Exercise requirements: Once you reach the line containing "defining the left-shift shuffle.\<close>" in the data below, restate each line word for word up to and including the one containing "by (simp add: uv bar_tpre_tpre".
Top of Source material
(* Let $0<\lambda<\frac{5-\sqrt{21}}{2}$ and let $K$ be the attractor of the IFS $f_1(x)=\lambda x$, $f_2(x)=\lambda x+2\lambda$, $f_3(x)=\lambda x+3\lambda-\lambda^2$, $f_4(x)=\lambda x+1-\lambda$. If $x\in K$ has infinitely many codings, then $x$ has uncountably many codings; in particular $U_{\aleph_0}=\emptyset$.
   Context: A coding of $x\in K$ is a sequence $(i_n)\in\{1,2,3,4\}^{\mathbb{N}}$ with $x=\lim_{n\to\infty}f_{i_1}\circ\cdots\circ f_{i_n}(0)$. $U_{\aleph_0}$ denotes the set of $x\in K$ having exactly countably infinitely many codings. *)

theory Defs
  imports Complex_Main "HOL-Library.Countable_Set"
begin

text \<open>The IFS maps f_1,...,f_4 (indices 1..4; other indices are irrelevant).\<close>
definition ifs :: "real \<Rightarrow> nat \<Rightarrow> real \<Rightarrow> real" where
  "ifs lam i x =
     (if i = 1 then lam * x
      else if i = 2 then lam * x + 2 * lam
      else if i = 3 then lam * x + 3 * lam - lam\<^sup>2
      else lam * x + 1 - lam)"

definition partial_comp :: "real \<Rightarrow> (nat \<Rightarrow> nat) \<Rightarrow> nat \<Rightarrow> real" where
  "partial_comp lam c n = foldr (\<lambda>k. ifs lam (c k)) [0..<n] 0"

definition codings :: "real \<Rightarrow> real \<Rightarrow> (nat \<Rightarrow> nat) set" where
  "codings lam x = {c. (\<forall>n. c n \<in> {1,2,3,4}) \<and> (partial_comp lam c \<longlonglongrightarrow> x)}"

definition is_attractor :: "real \<Rightarrow> real set \<Rightarrow> bool" where
  "is_attractor lam K \<longleftrightarrow> compact K \<and> K \<noteq> {} \<and> K = (\<Union>i\<in>{1,2,3,4}. ifs lam i ` K)"

definition U_aleph0 :: "real \<Rightarrow> real set \<Rightarrow> real set" where
  "U_aleph0 lam K = {x \<in> K. infinite (codings lam x) \<and> countable (codings lam x)}"

end

theory Submission
  imports Defs "HOL-Library.Equipollence"
begin

text \<open>Write a coding as the series \<open>\<Sum> \<lambda>\<^sup>k d\<^sub>i\<^sub>k\<close> with digit values
  \<open>0, 2\<lambda>, 3\<lambda> - \<lambda>\<^sup>2, 1 - \<lambda>\<close>. For \<open>\<lambda>\<close> this small the first-level images
  \<open>f\<^sub>i([0,1])\<close> are disjoint except for \<open>f\<^sub>2([0,1]) \<inter> f\<^sub>3([0,1])\<close>, and a point of that
  overlap forces the continuations \<open>24\<dots>\<close> and \<open>31\<dots>\<close>, reflecting the identity
  \<open>f\<^sub>2 \<circ> f\<^sub>4 = f\<^sub>3 \<circ> f\<^sub>1\<close>. Hence two codings of the same point differ only by swapping
  some of the non-overlapping blocks \<open>24\<close>/\<open>31\<close> of one of them, and every such swap is
  again a coding. The codings of \<open>x\<close> are thus in bijection with the subsets of the set of
  block positions, which is either finite or uncountable.\<close>

definition digit :: "real \<Rightarrow> nat \<Rightarrow> real" where
  "digit lam i = ifs lam i 0"

lemma ifs_eq_digit: "ifs lam i x = lam * x + digit lam i"
  by (simp add: digit_def ifs_def)

lemma digit_simps [simp]:
  "digit lam 1 = 0" "digit lam (Suc 0) = 0" "digit lam 2 = 2 * lam" "digit lam 3 = 3 * lam - lam\<^sup>2"
  "digit lam 4 = 1 - lam"
  by (simp_all add: digit_def ifs_def)

lemma foldr_ifs_eq_sum:
  "foldr (\<lambda>k. ifs lam (c k)) [0..<n] y = (\<Sum>k<n. lam ^ k * digit lam (c k)) + lam ^ n * y"
  by (induction n arbitrary: y) (simp_all add: ifs_eq_digit algebra_simps)

lemma partial_comp_eq_sum: "partial_comp lam c n = (\<Sum>k<n. lam ^ k * digit lam (c k))"
  using foldr_ifs_eq_sum[of lam c n 0] by (simp add: partial_comp_def)

lemma codings_iff_sums:
  "c \<in> codings lam x \<longleftrightarrow> range c \<subseteq> {1,2,3,4} \<and> (\<lambda>k. lam ^ k * digit lam (c k)) sums x"
  by (auto simp: codings_def sums_def partial_comp_eq_sum[abs_def])

definition flip_digit :: "nat \<Rightarrow> nat" where
  "flip_digit d = (if d = 2 then 3 else if d = 3 then 2 else if d = 4 then 1 else 4)"

definition swappable :: "(nat \<Rightarrow> nat) \<Rightarrow> nat set" where
  "swappable c = {n. (c n = 2 \<and> c (Suc n) = 4) \<or> (c n = 3 \<and> c (Suc n) = 1)}"

text \<open>Exchanges the blocks \<open>24\<close> and \<open>31\<close> starting at the positions in \<open>T\<close>.\<close>

definition swap_at :: "(nat \<Rightarrow> nat) \<Rightarrow> nat set \<Rightarrow> nat \<Rightarrow> nat" where
  "swap_at c T k = (if k \<in> T \<union> Suc ` T then flip_digit (c k) else c k)"

lemma flip_digit_neq: "flip_digit d \<noteq> d" "d \<noteq> flip_digit d"
  by (auto simp: flip_digit_def)

lemma flip_digit_mem: "flip_digit d \<in> {1,2,3,4}"
  by (simp add: flip_digit_def)

lemma range_swap_at: "range c \<subseteq> {1,2,3,4} \<Longrightarrow> range (swap_at c T) \<subseteq> {1,2,3,4}"
  by (auto simp: swap_at_def flip_digit_def)

lemma Suc_notin_swappable: "n \<in> swappable c \<Longrightarrow> Suc n \<notin> swappable c"
  by (auto simp: swappable_def)

lemma digit_flip_swappable:
  assumes "n \<in> swappable c"
  shows "digit lam (flip_digit (c n)) + lam * digit lam (flip_digit (c (Suc n)))
    = digit lam (c n) + lam * digit lam (c (Suc n))"
  using assms by (auto simp: swappable_def flip_digit_def algebra_simps power2_eq_square)
lemma varrho_le_powr_diff:
  fixes b :: real and m :: nat
  assumes b: "0 < b" "b < 1" and m: "1 \<le> m"
  shows "varrho b m \<le> (real m powr b - (real m - 1) powr b) / (b * Gamma b)"
proof -
  have Gamma_m: "Gamma (real m) = fact (m - 1)"
    using Gamma_fact[of "m - 1", where 'a = real] m by (simp add: of_nat_diff)
  have fact_m: "(fact m :: real) = real m * fact (m - 1)"
    using m fact_reduce[of m, where 'a = real] by simp
  have "varrho b m = Gamma (real m + b) / (Gamma b * fact m)"
    using varrho_eq_Gamma[OF b(1)] by (simp add: add.commute)
  also have "\<dots> \<le> real m powr b * Gamma (real m) / (Gamma b * fact m)"
    using Gamma_add_le_powr_mult_Gamma[of "real m" b] b m
    by (intro divide_right_mono) (auto intro!: mult_nonneg_nonneg less_imp_le[OF Gamma_real_pos])
  also have "\<dots> = b * real m powr (b - 1) / (b * Gamma b)"
    using m b by (simp add: Gamma_m fact_m powr_diff field_simps)
  also have "\<dots> \<le> (real m powr b - (real m - 1) powr b) / (b * Gamma b)"
    using b by (intro divide_right_mono powr_diff_ge_derivative m) auto
  finally show ?thesis .
qed

lemma Beta_integrand_piece_ge:
  fixes b g x y I :: real
  assumes b: "0 < b" and g: "0 \<le> g" and xy: "0 \<le> x" "x \<le> y" "y \<le> 1"
    and I: "((\<lambda>t. t powr g * (1 - t) powr (b - 1)) has_integral I) {x..y}"
  shows "x powr g * ((1 - x) powr b - (1 - y) powr b) / b \<le> I"
proof -
  let ?F = "\<lambda>t. - (x powr g * (1 - t) powr b / b)"
  have "((\<lambda>t. x powr g * (1 - t) powr (b - 1)) has_integral ?F y - ?F x) {x..y}"
  proof (rule fundamental_theorem_of_calculus_interior)
    show "continuous_on {x..y} ?F"
      using b xy by (intro continuous_intros continuous_on_powr') auto
    fix t assume t: "t \<in> {x<..<y}"
    then have "t < 1" using xy by auto
    then have "(?F has_real_derivative x powr g * (1 - t) powr (b - 1)) (at t)"
      using b by (auto intro!: derivative_eq_intros simp: field_simps)
    then show "(?F has_vector_derivative x powr g * (1 - t) powr (b - 1)) (at t)"
      by (simp add: has_real_derivative_iff_has_vector_derivative)
  qed (use xy in auto)
  then have "?F y - ?F x \<le> I"
    by (rule has_integral_le[OF _ I]) (use xy g in \<open>auto intro!: mult_right_mono powr_mono2\<close>)
  then show ?thesis by (simp add: field_simps diff_divide_distrib)
qed
lemma tbul_eq_linext:
  assumes "finite (supp X)" "finite (supp Y)"
  shows "tbul X Y = linext (\<lambda>u. linext (\<lambda>v w. - bar (barw u [1, 1]) (wsingle v) w) Y) X"
proof -
  have "bar (bar X (PA (wsingle [1]))) Y = linext (\<lambda>u. bar (barw u [1, 1]) Y) X"
    using assms(1) by (simp add: bar_eq_linext PA_def linext_linext)
  also have "\<dots> = linext (\<lambda>u. linext (\<lambda>v. bar (barw u [1, 1]) (wsingle v)) Y) X"
    by (intro linext_cong) (rule bar_eq_linext_right[OF assms(2)])
  finally show ?thesis
    by (simp add: tbul_def linext_minus_kernel)
qed

text \<open>On nonempty words the three summands of X star Y are the three terms of the recursion
  defining the left-shift shuffle.\<close>

lemma star_kernel_eq_lsh:
  assumes "u \<noteq> []" "v \<noteq> []"
  shows "(\<lambda>w. barw u (1 # v) w + barw (1 # u) v w - bar (barw u [1, 1]) (wsingle v) w)
    = (lsh u v :: 'a::comm_ring_1 list \<Rightarrow> 'k::comm_ring_1)"
proof -
  obtain a U b V where uv: "u = a # U" "v = b # V"
    using assms by (meson neq_Nil_conv)
  have lsh_one: "lsh U [1] = tpre 1 (wsingle U)"
    by (subst lsh_commute) (simp add: lsh_one_Cons)
  have "bar (barw u [1, 1]) (wsingle v) = (tpre (a * b) (shuf (lsh U [1]) (wsingle V)) :: _ \<Rightarrow> 'k)"
    by (simp add: uv bar_tpre_tpre flip: tpre_wsingle)
  also have "\<dots> = tpre (a * b) (tpre 1 (lsh U V))"
    by (simp only: lsh_one shuf_tpre_one_left shuf_wsingle)
  finally show ?thesis
    by (simp add: uv)
qed

lemma tstar_eq_shuf:
  assumes X: "tplus X" and Y: "tplus Y"
  shows "tstar X Y = shuf X Y"
proof -
  have "tstar X Y = linext (\<lambda>u. linext (\<lambda>v w. barw u (1 # v) w + barw (1 # u) v w
      - bar (barw u [1, 1]) (wsingle v) w) Y) X"
    using X Y unfolding tstar_def tprec_eq_linext tsucc_eq_linext
    by (simp add: tbul_eq_linext tplus_finite_supp linext_add_kernel linext_diff_kernel
        linext_minus_kernel)
  also have "\<dots> = linext (\<lambda>u. linext (lsh u) Y) X"
    using Nil_notin_supp_tplus[OF X] Nil_notin_supp_tplus[OF Y]
    by (intro linext_cong) (metis star_kernel_eq_lsh)
  finally show ?thesis
    by (simp add: shuf_eq_linext)
qed

lemma bar_PA_PA: "tplus X \<Longrightarrow> tplus Y \<Longrightarrow> bar (PA X) (PA Y) = PA (tstar X Y)"
  by (simp add: tstar_eq_shuf PA_def bar_tpre_tpre)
Bottom of Source material
Solution:
  defining the left-shift shuffle.\<close>

lemma star_kernel_eq_lsh:
  assumes "u \<noteq> []" "v \<noteq> []"
  shows "(\<lambda>w. barw u (1 # v) w + barw (1 # u) v w - bar (barw u [1, 1]) (wsingle v) w)
    = (lsh u v :: 'a::comm_ring_1 list \<Rightarrow> 'k::comm_ring_1)"
proof -
  obtain a U b V where uv: "u = a # U" "v = b # V"
    using assms by (meson neq_Nil_conv)
  have lsh_one: "lsh U [1] = tpre 1 (wsingle U)"
    by (subst lsh_commute) (simp add: lsh_one_Cons)
  have "bar (barw u [1, 1]) (wsingle v) = (tpre (a * b) (shuf (lsh U [1]) (wsingle V)) :: _ \<Rightarrow> 'k)"
    by (simp add: uv bar_tpre_tpre flip: tpre_wsingle)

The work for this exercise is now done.